[Saved data entries]
--

lemma configs_redistributes:
  assumes "\<xi> \<in> configs V M" "finite V" "x \<in> V" "y \<in> V" "x \<noteq> y" "redistributes x y \<xi> \<eta>"
  shows "\<eta> \<in> configs V M"
proof -
  have sum_split: "(\<Sum>z\<in>V. f z) = (\<Sum>z\<in>V - {x, y}. f z) + f x + f y" for f :: "'a \<Rightarrow> nat"
    using assms(2-5) by (simp add: sum.subset_diff[of "{x, y}" V])
  have "(\<Sum>z\<in>V - {x, y}. \<eta> z) = (\<Sum>z\<in>V - {x, y}. \<xi> z)"
    using assms(6) by (intro sum.cong) (auto simp: redistributes_def)
  then have "(\<Sum>z\<in>V. \<eta> z) = (\<Sum>z\<in>V. \<xi> z)"
    using assms(6) by (simp add: sum_split redistributes_def add.assoc)
  then show ?thesis
    using assms(1,3,4,6) unfolding configs_def redistributes_def by auto
qed

lemma configs_finite:
  assumes "finite V"
  shows "finite (configs V M)"
proof -
  let ?ext = "\<lambda>f z. if z \<in> V then f z else 0"
  have "configs V M \<subseteq> ?ext ` (PiE V (\<lambda>_. {..M}))"
  proof
    fix \<xi> assume \<xi>: "\<xi> \<in> configs V M"
    have "\<xi> z \<le> M" if "z \<in> V" for z
      using member_le_sum[of z V \<xi>] \<xi> that assms unfolding configs_def by auto
    then have "restrict \<xi> V \<in> PiE V (\<lambda>_. {..M})" by auto
    moreover have "\<xi> = ?ext (restrict \<xi> V)"
      using \<xi> unfolding configs_def by auto
    ultimately show "\<xi> \<in> ?ext ` (PiE V (\<lambda>_. {..M}))" by blast
  qed
  then show ?thesis
    by (rule finite_subset) (intro finite_imageI finite_PiE assms, auto)
qed

lemma configs_nonempty:
  assumes "finite V" "V \<noteq> {}"
  shows "configs V M \<noteq> {}"
proof -
  obtain v where "v \<in> V" using assms by auto
  then have "(\<lambda>z. if z = v then M else 0) \<in> configs V M"
    using assms unfolding configs_def by (auto simp: sum.delta)
  then show ?thesis by auto
qed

--

### TASK GOAL
Which lines of the data above contain the string "intro"? Copy each of them.

### ANSWER TO THE PROBLEM
    using assms(6) by (intro sum.cong) (auto simp: redistributes_def)
    by (rule finite_subset) (intro finite_imageI finite_PiE assms, auto)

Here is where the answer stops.